Location
- 410 W. Sullivan Street, Olean, New York 14760
- Coordinates: 42°04′57″N 78°26′05″W﻿ / ﻿42.08250°N 78.43472°W

Information
- Type: Public High School
- School district: Olean City School District
- NCES School ID: 362172003082
- Principal: Jeffrey Andreano
- Staff: 47.89 (FTE)
- Grades: 8-12
- Student to teacher ratio: 15.85
- Colors: Red and Gold
- Athletics: Olean Huskies
- Mascot: Husky
- Affiliation: BOCES
- Accreditation: Middle States Association of Colleges and Schools
- Nicknames: Home of the Huskies
- Website: ohs.oleanschools.org

= Olean High School =

Olean High School is a high school located in Olean, New York, about 65 miles south of Buffalo, New York.

Olean High School was built in 1935 and opened on February 22, 1937. It is known for its athletics programs. It also has numerous clubs, including Model United Nations, DECA, and Interact Club. It is located within the Oak Hill Park Historic District.

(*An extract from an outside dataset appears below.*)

(* Let $\mathcal D$, $f(\cdot;\xi)$, $F$ and the DiSK iteration (with SGD base update) be as described in the context, suppose Assumptions (A1)–(A3) hold, and choose $C\ge\left(1+\frac{2(1-\kappa)}{\kappa}\right)G$. Define $\Delta_t=\nabla F(x_t)-\tilde g_t$ and $M_\gamma=1+\frac{4(2+1/\kappa+|1+\gamma|)}{\gamma^2}$. Then for every $t\ge1$, $$\mathbb E_t\|\Delta_t\|^2\le(1-\kappa)^2\left(1+4\eta^2L^2+|1+\gamma|\left(\kappa+2\eta^2L^2M_\gamma\right)\right)\|\Delta_{t-1}\|^2+2\eta^2L^2(1-\kappa)^2\left(2+|1+\gamma|M_\gamma\right)\|\nabla F(x_{t-1})\|^2+\kappa^2\left((2+|1+\gamma|)\frac{\sigma_{\mathrm{SGD}}^2}{B}+d\sigma_{\mathrm{DP}}^2\right),$$ where $\mathbb E_t$ denotes expectation conditioned on all information before iteration $t$ (i.e. on $x_0,\dots,x_t$ and $\tilde g_0,\dots,\tilde g_{t-1}$).
   Context: Let $\mathcal D=\{\xi_1,\dots,\xi_N\}$ be a finite dataset, $f(\cdot;\xi):\mathbb R^d\to\mathbb R$ differentiable loss functions, $F(x)=\frac1N\sum_{\xi\in\mathcal D}f(x;\xi)$. For $v\in\mathbb R^d$, $\mathrm{clip}(v,C)=\min\{1,C/\|v\|\}\,v$. DiSK iteration with SGD base update, parameters $x_0\in\mathbb R^d$, step size $\eta>0$, $\gamma\neq0$, $\kappa\in(0,1]$, clipping threshold $C>0$, noise level $\sigma_{\mathrm{DP}}\ge0$, batch size $B\ge1$: initialize $\tilde g_{-1}=0$, $d_{-1}=0$; for $t=0,1,\dots$: draw a minibatch $\mathcal B_t$ of $B$ samples uniformly at random from $\mathcal D$ (independently of the past), set $a=\frac{1-\kappa}{\kappa\gamma}$ and $g_t=\frac1B\sum_{\xi\in\mathcal B_t}\mathrm{clip}\big(a\nabla f(x_t+\gamma d_{t-1};\xi)+(1-a)\nabla f(x_t;\xi),C\big)+w_t$ with $w_t\sim\mathcal N(0,\sigma_{\mathrm{DP}}^2I_d)$ independent of everything else; $\tilde g_t=(1-\kappa)\tilde g_{t-1}+\kappa g_t$; $x_{t+1}=x_t-\eta\tilde g_t$; $d_t=x_{t+1}-x_t$. Assumptions: (A1) each $f(\cdot;\xi)$ is $L$-smooth: $\|\nabla f(x;\xi)-\nabla f(y;\xi)\|\le L\|x-y\|$ for all $x,y,\xi$; (A2) $\frac1N\sum_{\xi\in\mathcal D}\|\nabla f(x;\xi)-\nabla F(x)\|^2\le\sigma_{\mathrm{SGD}}^2$ for all $x$; (A3) $\|\nabla f(x;\xi)\|\le G$ for all $x,\xi$. *)

theory Defs
  imports "HOL-Analysis.Analysis" "HOL-Probability.Probability"
begin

==2012-2013 Restructuring==
Due to economics hardships affecting the State of New York since the onset of the Great Recession, the school district began to see steep cuts from the state, and in order to maintain all of its operations, its budgets were continually downsized since 2008. The Olean City School District was restructured for the 2012-2013 School Year due to budget constraints.
Olean High School was traditionally grades 9-12 up until the finish of the 2011–2012 academic year. Following the end of the 2012 academic year, Olean High School now operates as grades 8–12.

==Athletics==
Olean High School offers golf, basketball, baseball, softball, football, volleyball, soccer, tennis, wrestling, cross country, swimming, cheerleading, and track and field.

==Alumni==
- John Francis O'Hern, Bishop of Rochester
- Jeff Prescott, Wrestling, 3 time NYS champion, 2 time NCAA Wrestling Champion at Penn State
- Dr. Martial Knieser, served at Walter Reed 69-76. Developed the amniocentesis test for fetal lung development.